» **Data listing**
******************************
(* Let $G$ be a countably infinite graph and let $h:\mathbb{N}\to\mathbb{N}$. Then $h$ is online computable from the isomorphism type of $G$ if and only if $h$ is primitive recursive.
   Context: A presentation of $G$ is a graph with vertex set $\mathbb{N}$ isomorphic to $G$. For a presentation $\alpha$ and $m\in\mathbb{N}$, let $\alpha\upharpoonright m$ denote the finite string coding the induced subgraph of $\alpha$ on the vertices $\{0,\dots,m-1\}$ (listing, for each vertex, its adjacencies with the earlier vertices). A function $h:\mathbb{N}\to\mathbb{N}$ is online computable from the isomorphism type of $G$ if there are primitive recursive functions $u:\mathbb{N}\to\mathbb{N}$ (the use) and $F$ such that for every presentation $\alpha$ of $G$ and every $i$, $h(i)=F(\alpha\upharpoonright u(i), i)$. (Equivalently, $h$ is computed from every presentation $\alpha$ by a single primitive recursive functional with oracle $\alpha$; by the robustness lemma such a functional has a primitive recursive use, since the space of presentations is primitively recursively branching.) *)

theory Defs
  imports Main "HOL-Library.Countable_Set"
begin

primrec prim_rec_op ::
  "(nat list \<Rightarrow> nat) \<Rightarrow> (nat list \<Rightarrow> nat) \<Rightarrow> nat \<Rightarrow> nat list \<Rightarrow> nat" where
  "prim_rec_op g h 0 ys = g ys"
| "prim_rec_op g h (Suc x) ys = h (x # prim_rec_op g h x ys # ys)"

text \<open>PR n f: f, restricted to argument lists of length n, is primitive recursive.\<close>
inductive PR :: "nat \<Rightarrow> (nat list \<Rightarrow> nat) \<Rightarrow> bool" where
  PR_zero: "PR n (\<lambda>xs. 0)"
| PR_succ: "PR 1 (\<lambda>xs. Suc (hd xs))"
| PR_proj: "i < n \<Longrightarrow> PR n (\<lambda>xs. xs ! i)"
| PR_comp: "PR m g \<Longrightarrow> length gs = m \<Longrightarrow> (\<forall>f \<in> set gs. PR n f)
            \<Longrightarrow> PR n (\<lambda>xs. g (map (\<lambda>f. f xs) gs))"
| PR_rec: "PR n g \<Longrightarrow> PR (Suc (Suc n)) h
            \<Longrightarrow> PR (Suc n) (\<lambda>xs. prim_rec_op g h (hd xs) (tl xs))"

definition prim_rec1 :: "(nat \<Rightarrow> nat) \<Rightarrow> bool" where
  "prim_rec1 h \<longleftrightarrow> (\<exists>f. PR 1 f \<and> (\<forall>x. h x = f [x]))"

definition prim_rec2 :: "(nat \<Rightarrow> nat \<Rightarrow> nat) \<Rightarrow> bool" where
  "prim_rec2 F \<longleftrightarrow> (\<exists>f. PR 2 f \<and> (\<forall>x y. F x y = f [x, y]))"

definition is_graph :: "'a set \<Rightarrow> ('a \<Rightarrow> 'a \<Rightarrow> bool) \<Rightarrow> bool" where
  "is_graph V E \<longleftrightarrow> (\<forall>x\<in>V. \<forall>y\<in>V. E x y \<longleftrightarrow> E y x) \<and> (\<forall>x\<in>V. \<not> E x x)"

definition presentation :: "(nat \<Rightarrow> nat \<Rightarrow> bool) \<Rightarrow> 'a set \<Rightarrow> ('a \<Rightarrow> 'a \<Rightarrow> bool) \<Rightarrow> bool" where
  "presentation \<alpha> V E \<longleftrightarrow> is_graph UNIV \<alpha> \<and>
     (\<exists>f. bij_betw f UNIV V \<and> (\<forall>i j. \<alpha> i j \<longleftrightarrow> E (f i) (f j)))"

definition restr_string :: "(nat \<Rightarrow> nat \<Rightarrow> bool) \<Rightarrow> nat \<Rightarrow> bool list" where
  "restr_string \<alpha> m = concat (map (\<lambda>i. map (\<lambda>j. \<alpha> i j) [0..<i]) [0..<m])"

text \<open>Standard injective coding of binary strings as natural numbers (binary with a
  leading 1 marker).\<close>
definition code_string :: "bool list \<Rightarrow> nat" where
  "code_string bs = foldr (\<lambda>b n. 2 * n + (if b then 1 else 0)) bs 1"

definition online_computable ::
  "'a set \<Rightarrow> ('a \<Rightarrow> 'a \<Rightarrow> bool) \<Rightarrow> (nat \<Rightarrow> nat) \<Rightarrow> bool" where
  "online_computable V E h \<longleftrightarrow>
     (\<exists>u F. prim_rec1 u \<and> prim_rec2 F \<and>
        (\<forall>\<alpha>. presentation \<alpha> V E \<longrightarrow>
           (\<forall>i. h i = F (code_string (restr_string \<alpha> (u i))) i)))"

end

theory Submission
  imports Defs "HOL-Library.Ramsey"
begin

text \<open>A primitive recursive function is computed online by ignoring the presentation. Conversely,
  by Ramsey's theorem an infinite graph has an infinite clique or an infinite independent set;
  listing any \<open>m\<close> of its vertices first and the remaining vertices afterwards yields a
  presentation whose first \<open>m\<close> vertices induce the complete or the empty graph. Hence, for a
  suitable fixed bit \<open>b\<close>, the string read by the online procedure at input \<open>i\<close> can be taken
  to be the constant string of \<open>b\<close>'s of length \<open>\<Sum>k<u i. k\<close>, so \<open>h\<close> is a primitive recursive
  expression in \<open>i\<close>.\<close>

lemma PR_compose1: "PR 1 g \<Longrightarrow> PR n f \<Longrightarrow> PR n (\<lambda>xs. g [f xs])"
  using PR_comp[of 1 g "[f]" n] by simp

lemma PR_compose2: "PR 2 g \<Longrightarrow> PR n f1 \<Longrightarrow> PR n f2 \<Longrightarrow> PR n (\<lambda>xs. g [f1 xs, f2 xs])"
  using PR_comp[of 2 g "[f1, f2]" n] by (simp add: numeral_2_eq_2)

lemma PR_const: "PR n (\<lambda>_. c)"
proof (induction c)
  case 0
  show ?case by (rule PR_zero)
next
  case (Suc c)
  from PR_compose1[OF PR_succ Suc] show ?case by simp
qed

lemma prim_rec1_const: "prim_rec1 (\<lambda>_. c)"
  unfolding prim_rec1_def using PR_const by blast

lemma prim_rec1_id: "prim_rec1 (\<lambda>x. x)"
  unfolding prim_rec1_def using PR_proj[of 0 1] by force

lemma prim_rec1_compose:
  assumes "prim_rec1 f" "prim_rec1 g"
  shows "prim_rec1 (\<lambda>x. f (g x))"
proof -
  obtain F G where "PR 1 F" "\<forall>x. f x = F [x]" "PR 1 G" "\<forall>x. g x = G [x]"
    using assms unfolding prim_rec1_def by blast
  then show ?thesis
    unfolding prim_rec1_def by (intro exI[of _ "\<lambda>xs. F [G xs]"]) (simp add: PR_compose1)
qed

lemma prim_rec1_compose2:
  assumes "prim_rec2 G" "prim_rec1 a" "prim_rec1 b"
  shows "prim_rec1 (\<lambda>x. G (a x) (b x))"
proof -
  obtain g fa fb where "PR 2 g" "\<forall>x y. G x y = g [x, y]"
    and "PR 1 fa" "\<forall>x. a x = fa [x]" and "PR 1 fb" "\<forall>x. b x = fb [x]"
    using assms unfolding prim_rec1_def prim_rec2_def by blast
  then show ?thesis
    unfolding prim_rec1_def by (intro exI[of _ "\<lambda>xs. g [fa xs, fb xs]"]) (simp add: PR_compose2)
qed

lemma prim_rec2_compose:
  assumes "prim_rec2 G" "prim_rec2 a" "prim_rec2 b"
  shows "prim_rec2 (\<lambda>x y. G (a x y) (b x y))"
proof -
  obtain g fa fb where "PR 2 g" "\<forall>x y. G x y = g [x, y]"
    and "PR 2 fa" "\<forall>x y. a x y = fa [x, y]" and "PR 2 fb" "\<forall>x y. b x y = fb [x, y]"
    using assms unfolding prim_rec2_def by blast
  then show ?thesis
    unfolding prim_rec2_def by (intro exI[of _ "\<lambda>xs. g [fa xs, fb xs]"]) (simp add: PR_compose2)
qed

lemma prim_rec2_fst: "prim_rec2 (\<lambda>x y. x)"
  unfolding prim_rec2_def using PR_proj[of 0 2] by force

lemma prim_rec2_snd: "prim_rec2 (\<lambda>x y. y)"
  unfolding prim_rec2_def using PR_proj[of 1 2] by force

lemma prim_rec2_const: "prim_rec2 (\<lambda>x y. c)"
  unfolding prim_rec2_def using PR_const by blast

lemma prim_rec2_ignore_fst:
  assumes "prim_rec1 h"
  shows "prim_rec2 (\<lambda>x y. h y)"
proof -
  obtain f where f: "PR 1 f" "\<forall>x. h x = f [x]"
    using assms unfolding prim_rec1_def by blast
  have "PR 2 (\<lambda>xs. f [xs ! 1])"
    by (rule PR_compose1[OF f(1) PR_proj]) simp
  then show ?thesis
    unfolding prim_rec2_def using f(2) by (intro exI[of _ "\<lambda>xs. f [xs ! 1]"]) simp
qed

lemma prim_rec2_add: "prim_rec2 (+)"
proof -
  define step :: "nat list \<Rightarrow> nat" where "step xs = Suc (hd [xs ! 1])" for xs
  have "PR 3 step"
    unfolding step_def by (rule PR_compose1[OF PR_succ PR_proj]) simp
  then have "PR 2 (\<lambda>xs. prim_rec_op (\<lambda>xs. xs ! 0) step (hd xs) (tl xs))"
    using PR_rec[of 1 "\<lambda>xs. xs ! 0" step] PR_proj[of 0 1] by (simp add: numeral_eq_Suc)
  moreover have "prim_rec_op (\<lambda>xs. xs ! 0) step x [y] = x + y" for x y
    by (induction x) (simp_all add: step_def)
  ultimately show ?thesis
    unfolding prim_rec2_def
    by (intro exI[of _ "\<lambda>xs. prim_rec_op (\<lambda>xs. xs ! 0) step (hd xs) (tl xs)"]) simp
qed

lemma prim_rec1_recursion:
  assumes "prim_rec2 H" "\<And>x. f (Suc x) = H x (f x)"
  shows "prim_rec1 f"
proof -
  obtain g where g: "PR 2 g" "\<forall>x y. H x y = g [x, y]"
    using assms(1) unfolding prim_rec2_def by blast
  define c where "c = f 0"
  have "PR (Suc (Suc 0)) g"
    using g(1) by (simp add: numeral_2_eq_2)
  from PR_rec[OF PR_const this]
  have "PR 1 (\<lambda>xs. prim_rec_op (\<lambda>_. c) g (hd xs) (tl xs))"
    by simp
  moreover have "f x = prim_rec_op (\<lambda>_. c) g x []" for x
    by (induction x) (simp_all add: assms(2) g(2) c_def)
  ultimately show ?thesis
    unfolding prim_rec1_def by (intro exI[of _ "\<lambda>xs. prim_rec_op (\<lambda>_. c) g (hd xs) (tl xs)"]) simp
qed

lemma prim_rec1_triangular: "prim_rec1 (\<lambda>m. \<Sum>i<m. i)"
  by (rule prim_rec1_recursion[OF prim_rec2_compose[OF prim_rec2_add prim_rec2_snd prim_rec2_fst]])
    simp

lemma prim_rec1_code_replicate: "prim_rec1 (\<lambda>n. code_string (replicate n b))"
  by (rule prim_rec1_recursion[OF prim_rec2_compose[OF prim_rec2_add
        prim_rec2_compose[OF prim_rec2_add prim_rec2_snd prim_rec2_snd] prim_rec2_const,
        of "if b then 1 else 0"]])
    (simp add: code_string_def)

lemma bij_betw_shift_atLeast: "bij_betw (\<lambda>k. k - m) {m::nat..} UNIV"
  by (rule bij_betw_byWitness[where f' = "\<lambda>k. k + m"]) auto

lemma bij_extending_inj_prefix:
  fixes m :: nat
  assumes "countable V" "infinite V" "inj_on e {..<m}" "e ` {..<m} \<subseteq> V"
  obtains f where "bij_betw f UNIV V" "\<forall>k<m. f k = e k"
proof -
  define R where "R = V - e ` {..<m}"
  have "infinite R"
    unfolding R_def using assms(2) by (simp add: Diff_infinite_finite)
  then have "bij_betw (from_nat_into R) UNIV R"
    using assms(1) by (intro bij_betw_from_nat_into) (simp_all add: R_def)
  then have "bij_betw (\<lambda>k. from_nat_into R (k - m)) {m..} R"
    using bij_betw_trans[OF bij_betw_shift_atLeast] by (auto simp: comp_def)
  with inj_on_imp_bij_betw[OF assms(3)]
  have "bij_betw (\<lambda>k. if k \<in> {..<m} then e k else from_nat_into R (k - m))
      ({..<m} \<union> {m..}) (e ` {..<m} \<union> R)"
    by (rule bij_betw_disjoint_Un) (auto simp: R_def)
  moreover have "{..<m} \<union> {m..} = UNIV" "e ` {..<m} \<union> R = V" using assms(4) by (auto simp: R_def)
  ultimately show thesis by (intro that) auto
qed

lemma infinite_homogeneous_subset:
  assumes "is_graph V E" "infinite V"
  obtains Y b where "Y \<subseteq> V" "infinite Y" "\<forall>x\<in>Y. \<forall>y\<in>Y. x \<noteq> y \<longrightarrow> E x y = b"
proof -
  define colour where "colour X = (if \<exists>x\<in>X. \<exists>y\<in>X. E x y then 1 else 0 :: nat)" for X
  have edge_colour: "colour {x, y} = (if E x y then 1 else 0)" if "x \<in> V" "y \<in> V" for x y
  proof -
    have "\<not> E x x" "\<not> E y y" "E y x \<longleftrightarrow> E x y"
      using assms(1) that unfolding is_graph_def by blast+
    then show ?thesis unfolding colour_def by auto
  qed
  have "\<forall>x\<in>V. \<forall>y\<in>V. x \<noteq> y \<longrightarrow> colour {x, y} < 2"
    by (simp add: colour_def)
  from Ramsey2[OF assms(2) this] obtain Y t where Y: "Y \<subseteq> V" "infinite Y"
    and homogeneous: "\<forall>x\<in>Y. \<forall>y\<in>Y. x \<noteq> y \<longrightarrow> colour {x, y} = t"
    by blast
  have "E x y = (t = 1)" if "x \<in> Y" "y \<in> Y" "x \<noteq> y" for x y
  proof -
    have "x \<in> V" "y \<in> V"
      using that Y(1) by auto
    moreover from homogeneous that have "colour {x, y} = t"
      by blast
    ultimately show ?thesis
      using edge_colour by (auto split: if_splits)
  qed
  with Y show thesis
    by (intro that[of Y "t = 1"]) auto
qed

lemma presentation_pullback:
  assumes "is_graph V E" "bij_betw f UNIV V"
  shows "presentation (\<lambda>i j. E (f i) (f j)) V E"
  using assms unfolding presentation_def is_graph_def bij_betw_def by auto

lemma restr_string_cong:
  assumes "\<And>i j. j < i \<Longrightarrow> i < m \<Longrightarrow> \<alpha> i j = \<beta> i j"
  shows "restr_string \<alpha> m = restr_string \<beta> m"
  unfolding restr_string_def using assms by (intro arg_cong[where f = concat] map_cong) auto

lemma restr_string_const: "restr_string (\<lambda>_ _. b) m = replicate (\<Sum>i<m. i) b"
  by (induction m) (simp_all add: restr_string_def replicate_add map_replicate_const)

lemma presentations_with_constant_prefix:
  assumes "is_graph V E" "countable V" "infinite V"
  obtains b where "\<And>m. \<exists>\<alpha>. presentation \<alpha> V E \<and> restr_string \<alpha> m = replicate (\<Sum>i<m. i) b"
proof -
  obtain Y b where Y: "Y \<subseteq> V" "infinite Y" and hom: "\<forall>x\<in>Y. \<forall>y\<in>Y. x \<noteq> y \<longrightarrow> E x y = b"
    using infinite_homogeneous_subset[OF assms(1,3)] .
  define e where "e = from_nat_into Y"
  have e: "bij_betw e UNIV Y"
    unfolding e_def using Y countable_subset[OF Y(1) assms(2)] by (intro bij_betw_from_nat_into)
  have "\<exists>\<alpha>. presentation \<alpha> V E \<and> restr_string \<alpha> m = replicate (\<Sum>i<m. i) b" for m
  proof -
    obtain f where f: "bij_betw f UNIV V" "\<forall>k<m. f k = e k"
    proof (rule bij_extending_inj_prefix[OF assms(2,3)])
      show "inj_on e {..<m}" using e by (auto simp: bij_betw_def intro: inj_on_subset)
      show "e ` {..<m} \<subseteq> V" using e Y(1) by (auto simp: bij_betw_def)
    qed
    have "restr_string (\<lambda>i j. E (f i) (f j)) m = restr_string (\<lambda>_ _. b) m"
    proof (rule restr_string_cong)
      fix i j assume "j < i" "i < m"
      then show "E (f i) (f j) = b"
        using f(2) hom e by (auto simp: bij_betw_def inj_eq)
    qed
    then show ?thesis
      using presentation_pullback[OF assms(1) f(1)] restr_string_const by metis
  qed
  then show thesis by (rule that)
qed

theorem mainTheorem2:
  fixes V :: "'a set" and E :: "'a \<Rightarrow> 'a \<Rightarrow> bool" and h :: "nat \<Rightarrow> nat"
  assumes "is_graph V E" and "countable V" and "infinite V"
  shows "online_computable V E h \<longleftrightarrow> prim_rec1 h"
proof
  assume "online_computable V E h"
  then obtain u F where u: "prim_rec1 u" and F: "prim_rec2 F"
    and online: "\<And>\<alpha> i. presentation \<alpha> V E \<Longrightarrow> h i = F (code_string (restr_string \<alpha> (u i))) i"
    unfolding online_computable_def by blast
  obtain b where b: "\<And>m. \<exists>\<alpha>. presentation \<alpha> V E \<and> restr_string \<alpha> m = replicate (\<Sum>k<m. k) b"
    using presentations_with_constant_prefix[OF assms] by blast
  have "h = (\<lambda>i. F (code_string (replicate (\<Sum>k<u i. k) b)) i)"
  proof
    fix i
    show "h i = F (code_string (replicate (\<Sum>k<u i. k) b)) i"
      using b[of "u i"] online by metis
  qed
  moreover have "prim_rec1 (\<lambda>i. F (code_string (replicate (\<Sum>k<u i. k) b)) i)"
    using prim_rec1_compose2[OF F prim_rec1_compose[OF prim_rec1_code_replicate
          prim_rec1_compose[OF prim_rec1_triangular u]] prim_rec1_id] .
  ultimately show "prim_rec1 h"
    by simp
next
  assume "prim_rec1 h"
  then show "online_computable V E h"
    unfolding online_computable_def using prim_rec1_const[of 0] prim_rec2_ignore_fst by blast
qed

end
******************************
Go through the records above and return every line that holds the string "imports".

  imports Main "HOL-Library.Countable_Set"
  imports Defs "HOL-Library.Ramsey"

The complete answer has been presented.